— Problem details —
In the records that follow, the lines from the one containing "0 \<le> i \<and>" to the one containing "(\<exists>\<psi>\<in>ground L d", inclusive, are to be given again exactly.

— Provided records —
++++++++++
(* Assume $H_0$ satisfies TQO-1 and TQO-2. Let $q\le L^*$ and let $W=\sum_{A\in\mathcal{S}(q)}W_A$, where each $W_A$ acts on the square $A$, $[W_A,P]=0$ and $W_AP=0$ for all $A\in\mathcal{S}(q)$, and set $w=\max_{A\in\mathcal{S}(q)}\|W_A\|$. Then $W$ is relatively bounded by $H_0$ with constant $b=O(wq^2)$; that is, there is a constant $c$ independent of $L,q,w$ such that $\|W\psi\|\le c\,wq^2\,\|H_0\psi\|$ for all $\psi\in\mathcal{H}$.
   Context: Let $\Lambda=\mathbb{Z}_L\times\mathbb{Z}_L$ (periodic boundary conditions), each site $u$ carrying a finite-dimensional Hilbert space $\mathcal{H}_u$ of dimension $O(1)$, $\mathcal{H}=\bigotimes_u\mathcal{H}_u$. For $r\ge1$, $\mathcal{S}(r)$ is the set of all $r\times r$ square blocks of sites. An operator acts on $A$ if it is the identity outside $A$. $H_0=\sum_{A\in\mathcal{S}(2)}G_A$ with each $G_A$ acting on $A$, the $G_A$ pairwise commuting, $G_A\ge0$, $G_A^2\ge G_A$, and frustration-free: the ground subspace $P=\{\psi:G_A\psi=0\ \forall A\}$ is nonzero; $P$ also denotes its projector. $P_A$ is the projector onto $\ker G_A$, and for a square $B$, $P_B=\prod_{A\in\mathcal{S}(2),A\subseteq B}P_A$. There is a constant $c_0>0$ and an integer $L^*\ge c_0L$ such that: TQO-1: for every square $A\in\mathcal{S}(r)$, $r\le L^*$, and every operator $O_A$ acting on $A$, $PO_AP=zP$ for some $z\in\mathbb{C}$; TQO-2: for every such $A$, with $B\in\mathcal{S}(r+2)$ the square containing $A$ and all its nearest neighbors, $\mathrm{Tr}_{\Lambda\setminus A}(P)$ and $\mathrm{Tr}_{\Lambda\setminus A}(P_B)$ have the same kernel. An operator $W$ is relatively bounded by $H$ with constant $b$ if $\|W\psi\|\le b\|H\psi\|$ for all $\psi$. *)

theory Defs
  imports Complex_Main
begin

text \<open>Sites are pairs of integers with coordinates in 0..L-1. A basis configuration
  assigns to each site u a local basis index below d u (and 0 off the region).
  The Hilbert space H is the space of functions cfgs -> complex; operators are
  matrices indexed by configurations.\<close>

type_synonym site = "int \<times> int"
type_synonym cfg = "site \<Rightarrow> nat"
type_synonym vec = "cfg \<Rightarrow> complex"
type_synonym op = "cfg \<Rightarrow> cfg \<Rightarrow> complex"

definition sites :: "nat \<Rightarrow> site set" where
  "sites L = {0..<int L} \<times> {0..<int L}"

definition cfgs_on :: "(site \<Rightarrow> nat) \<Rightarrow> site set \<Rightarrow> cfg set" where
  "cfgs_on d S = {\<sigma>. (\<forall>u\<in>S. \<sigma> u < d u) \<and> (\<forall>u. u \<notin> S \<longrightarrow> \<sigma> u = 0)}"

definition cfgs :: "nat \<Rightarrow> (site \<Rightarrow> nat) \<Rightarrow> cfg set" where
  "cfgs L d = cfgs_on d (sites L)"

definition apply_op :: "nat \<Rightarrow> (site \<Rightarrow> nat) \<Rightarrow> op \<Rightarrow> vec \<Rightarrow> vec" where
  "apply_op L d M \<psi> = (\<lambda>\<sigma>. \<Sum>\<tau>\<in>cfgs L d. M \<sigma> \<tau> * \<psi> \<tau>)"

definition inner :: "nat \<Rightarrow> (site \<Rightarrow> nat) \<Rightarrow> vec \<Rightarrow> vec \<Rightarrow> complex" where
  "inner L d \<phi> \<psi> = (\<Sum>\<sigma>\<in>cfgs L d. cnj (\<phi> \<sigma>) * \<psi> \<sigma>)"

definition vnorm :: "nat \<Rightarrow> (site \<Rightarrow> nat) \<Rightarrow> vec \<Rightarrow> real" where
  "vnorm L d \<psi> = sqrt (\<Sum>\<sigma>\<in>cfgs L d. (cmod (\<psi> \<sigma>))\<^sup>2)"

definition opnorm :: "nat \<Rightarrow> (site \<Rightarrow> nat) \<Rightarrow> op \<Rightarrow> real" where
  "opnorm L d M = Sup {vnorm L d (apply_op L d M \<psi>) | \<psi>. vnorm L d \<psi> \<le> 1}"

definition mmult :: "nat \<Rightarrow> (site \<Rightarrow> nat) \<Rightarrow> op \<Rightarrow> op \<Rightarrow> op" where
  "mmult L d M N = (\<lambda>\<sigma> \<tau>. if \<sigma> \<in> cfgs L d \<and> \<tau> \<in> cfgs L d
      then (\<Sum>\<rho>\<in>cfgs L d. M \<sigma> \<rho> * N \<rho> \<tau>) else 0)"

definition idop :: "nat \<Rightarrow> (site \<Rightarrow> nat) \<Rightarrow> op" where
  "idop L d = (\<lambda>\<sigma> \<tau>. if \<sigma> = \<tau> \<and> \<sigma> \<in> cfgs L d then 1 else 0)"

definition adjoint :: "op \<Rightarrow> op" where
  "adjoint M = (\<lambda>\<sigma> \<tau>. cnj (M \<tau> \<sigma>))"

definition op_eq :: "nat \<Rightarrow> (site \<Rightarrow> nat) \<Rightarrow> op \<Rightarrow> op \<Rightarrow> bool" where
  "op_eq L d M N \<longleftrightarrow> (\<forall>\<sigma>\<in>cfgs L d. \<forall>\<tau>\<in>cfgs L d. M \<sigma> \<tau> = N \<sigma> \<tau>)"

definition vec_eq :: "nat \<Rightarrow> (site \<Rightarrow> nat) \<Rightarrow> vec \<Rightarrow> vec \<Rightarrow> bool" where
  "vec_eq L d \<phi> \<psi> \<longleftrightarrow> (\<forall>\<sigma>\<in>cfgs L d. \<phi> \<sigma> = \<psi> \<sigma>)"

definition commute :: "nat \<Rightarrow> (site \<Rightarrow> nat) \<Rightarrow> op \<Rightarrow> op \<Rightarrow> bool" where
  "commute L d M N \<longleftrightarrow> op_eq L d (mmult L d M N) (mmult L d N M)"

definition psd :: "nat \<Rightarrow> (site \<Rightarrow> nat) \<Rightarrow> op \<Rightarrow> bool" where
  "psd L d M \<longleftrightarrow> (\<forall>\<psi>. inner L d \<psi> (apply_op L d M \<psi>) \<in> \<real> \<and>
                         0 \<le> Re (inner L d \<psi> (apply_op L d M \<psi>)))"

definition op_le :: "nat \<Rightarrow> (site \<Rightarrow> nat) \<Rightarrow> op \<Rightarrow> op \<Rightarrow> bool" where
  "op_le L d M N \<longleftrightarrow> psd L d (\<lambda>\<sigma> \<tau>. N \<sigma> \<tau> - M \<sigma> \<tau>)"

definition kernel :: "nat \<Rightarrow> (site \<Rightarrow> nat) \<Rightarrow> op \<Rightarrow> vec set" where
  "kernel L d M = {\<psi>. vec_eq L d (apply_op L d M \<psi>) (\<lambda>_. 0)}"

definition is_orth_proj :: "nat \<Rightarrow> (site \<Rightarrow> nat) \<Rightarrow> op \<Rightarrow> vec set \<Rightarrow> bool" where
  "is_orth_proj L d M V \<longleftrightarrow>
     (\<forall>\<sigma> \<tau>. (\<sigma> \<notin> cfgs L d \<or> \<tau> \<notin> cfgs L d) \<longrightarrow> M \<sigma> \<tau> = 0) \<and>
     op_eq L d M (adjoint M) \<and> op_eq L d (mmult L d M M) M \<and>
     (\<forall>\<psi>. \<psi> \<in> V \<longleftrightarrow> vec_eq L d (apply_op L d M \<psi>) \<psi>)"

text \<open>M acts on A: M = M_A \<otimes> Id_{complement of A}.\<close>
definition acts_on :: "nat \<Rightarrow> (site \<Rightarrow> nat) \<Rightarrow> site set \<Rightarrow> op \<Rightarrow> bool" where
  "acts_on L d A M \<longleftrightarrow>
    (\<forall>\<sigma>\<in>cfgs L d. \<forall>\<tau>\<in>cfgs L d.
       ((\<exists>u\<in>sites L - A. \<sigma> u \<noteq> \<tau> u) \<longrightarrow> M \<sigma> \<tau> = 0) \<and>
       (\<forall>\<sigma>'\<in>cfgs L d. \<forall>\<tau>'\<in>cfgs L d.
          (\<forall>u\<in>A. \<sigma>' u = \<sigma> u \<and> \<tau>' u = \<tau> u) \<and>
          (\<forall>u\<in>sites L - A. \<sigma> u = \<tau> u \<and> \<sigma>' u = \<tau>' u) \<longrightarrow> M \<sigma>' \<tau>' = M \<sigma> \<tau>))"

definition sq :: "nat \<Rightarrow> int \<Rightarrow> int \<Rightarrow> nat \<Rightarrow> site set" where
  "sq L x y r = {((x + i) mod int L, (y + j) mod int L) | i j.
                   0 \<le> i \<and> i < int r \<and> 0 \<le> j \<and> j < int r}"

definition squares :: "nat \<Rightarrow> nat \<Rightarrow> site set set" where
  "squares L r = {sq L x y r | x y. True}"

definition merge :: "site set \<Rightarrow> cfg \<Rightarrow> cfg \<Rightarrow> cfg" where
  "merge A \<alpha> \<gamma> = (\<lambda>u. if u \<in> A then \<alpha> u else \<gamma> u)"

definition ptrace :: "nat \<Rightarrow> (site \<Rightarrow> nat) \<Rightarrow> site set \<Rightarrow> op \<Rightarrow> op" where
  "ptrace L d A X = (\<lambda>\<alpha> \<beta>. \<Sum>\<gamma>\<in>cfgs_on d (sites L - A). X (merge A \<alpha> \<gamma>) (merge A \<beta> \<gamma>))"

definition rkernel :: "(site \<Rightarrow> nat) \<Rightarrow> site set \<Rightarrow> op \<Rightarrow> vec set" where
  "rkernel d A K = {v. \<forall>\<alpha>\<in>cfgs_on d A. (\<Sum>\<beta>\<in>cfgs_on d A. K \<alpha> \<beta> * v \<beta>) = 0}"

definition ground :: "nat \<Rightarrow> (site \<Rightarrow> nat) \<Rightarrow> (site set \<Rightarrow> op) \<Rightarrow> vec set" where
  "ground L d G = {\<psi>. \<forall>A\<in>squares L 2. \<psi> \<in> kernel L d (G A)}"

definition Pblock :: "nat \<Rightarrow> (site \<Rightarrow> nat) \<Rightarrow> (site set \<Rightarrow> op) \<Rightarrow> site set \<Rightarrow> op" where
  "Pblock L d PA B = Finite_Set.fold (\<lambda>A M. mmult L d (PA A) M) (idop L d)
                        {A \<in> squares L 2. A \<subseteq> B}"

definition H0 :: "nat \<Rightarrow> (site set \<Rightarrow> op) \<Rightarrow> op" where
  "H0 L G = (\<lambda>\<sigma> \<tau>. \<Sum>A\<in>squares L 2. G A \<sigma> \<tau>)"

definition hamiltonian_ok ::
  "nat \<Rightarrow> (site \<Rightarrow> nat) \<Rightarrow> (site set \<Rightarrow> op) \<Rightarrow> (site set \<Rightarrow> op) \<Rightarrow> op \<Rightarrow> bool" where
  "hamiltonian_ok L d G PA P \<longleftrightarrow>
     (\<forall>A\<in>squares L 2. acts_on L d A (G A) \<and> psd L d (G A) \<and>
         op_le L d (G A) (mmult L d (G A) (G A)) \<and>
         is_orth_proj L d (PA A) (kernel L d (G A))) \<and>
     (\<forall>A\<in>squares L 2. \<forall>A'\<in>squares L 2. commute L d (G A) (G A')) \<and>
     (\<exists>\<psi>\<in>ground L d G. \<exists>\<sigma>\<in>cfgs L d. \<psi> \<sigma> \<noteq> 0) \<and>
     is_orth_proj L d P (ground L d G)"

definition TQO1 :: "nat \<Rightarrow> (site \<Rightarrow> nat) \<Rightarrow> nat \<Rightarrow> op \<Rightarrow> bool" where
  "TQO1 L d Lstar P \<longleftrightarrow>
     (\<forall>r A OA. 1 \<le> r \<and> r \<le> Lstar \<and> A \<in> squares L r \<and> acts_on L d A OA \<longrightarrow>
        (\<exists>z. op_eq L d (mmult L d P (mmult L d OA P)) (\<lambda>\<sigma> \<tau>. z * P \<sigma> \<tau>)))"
++++++++++
— Answer space —
                   0 \<le> i \<and> i < int r \<and> 0 \<le> j \<and> j < int r}"

definition squares :: "nat \<Rightarrow> nat \<Rightarrow> site set set" where
  "squares L r = {sq L x y r | x y. True}"

definition merge :: "site set \<Rightarrow> cfg \<Rightarrow> cfg \<Rightarrow> cfg" where
  "merge A \<alpha> \<gamma> = (\<lambda>u. if u \<in> A then \<alpha> u else \<gamma> u)"

definition ptrace :: "nat \<Rightarrow> (site \<Rightarrow> nat) \<Rightarrow> site set \<Rightarrow> op \<Rightarrow> op" where
  "ptrace L d A X = (\<lambda>\<alpha> \<beta>. \<Sum>\<gamma>\<in>cfgs_on d (sites L - A). X (merge A \<alpha> \<gamma>) (merge A \<beta> \<gamma>))"

definition rkernel :: "(site \<Rightarrow> nat) \<Rightarrow> site set \<Rightarrow> op \<Rightarrow> vec set" where
  "rkernel d A K = {v. \<forall>\<alpha>\<in>cfgs_on d A. (\<Sum>\<beta>\<in>cfgs_on d A. K \<alpha> \<beta> * v \<beta>) = 0}"

definition ground :: "nat \<Rightarrow> (site \<Rightarrow> nat) \<Rightarrow> (site set \<Rightarrow> op) \<Rightarrow> vec set" where
  "ground L d G = {\<psi>. \<forall>A\<in>squares L 2. \<psi> \<in> kernel L d (G A)}"

definition Pblock :: "nat \<Rightarrow> (site \<Rightarrow> nat) \<Rightarrow> (site set \<Rightarrow> op) \<Rightarrow> site set \<Rightarrow> op" where
  "Pblock L d PA B = Finite_Set.fold (\<lambda>A M. mmult L d (PA A) M) (idop L d)
                        {A \<in> squares L 2. A \<subseteq> B}"

definition H0 :: "nat \<Rightarrow> (site set \<Rightarrow> op) \<Rightarrow> op" where
  "H0 L G = (\<lambda>\<sigma> \<tau>. \<Sum>A\<in>squares L 2. G A \<sigma> \<tau>)"

definition hamiltonian_ok ::
  "nat \<Rightarrow> (site \<Rightarrow> nat) \<Rightarrow> (site set \<Rightarrow> op) \<Rightarrow> (site set \<Rightarrow> op) \<Rightarrow> op \<Rightarrow> bool" where
  "hamiltonian_ok L d G PA P \<longleftrightarrow>
     (\<forall>A\<in>squares L 2. acts_on L d A (G A) \<and> psd L d (G A) \<and>
         op_le L d (G A) (mmult L d (G A) (G A)) \<and>
         is_orth_proj L d (PA A) (kernel L d (G A))) \<and>
     (\<forall>A\<in>squares L 2. \<forall>A'\<in>squares L 2. commute L d (G A) (G A')) \<and>
     (\<exists>\<psi>\<in>ground L d G. \<exists>\<sigma>\<in>cfgs L d. \<psi> \<sigma> \<noteq> 0) \<and>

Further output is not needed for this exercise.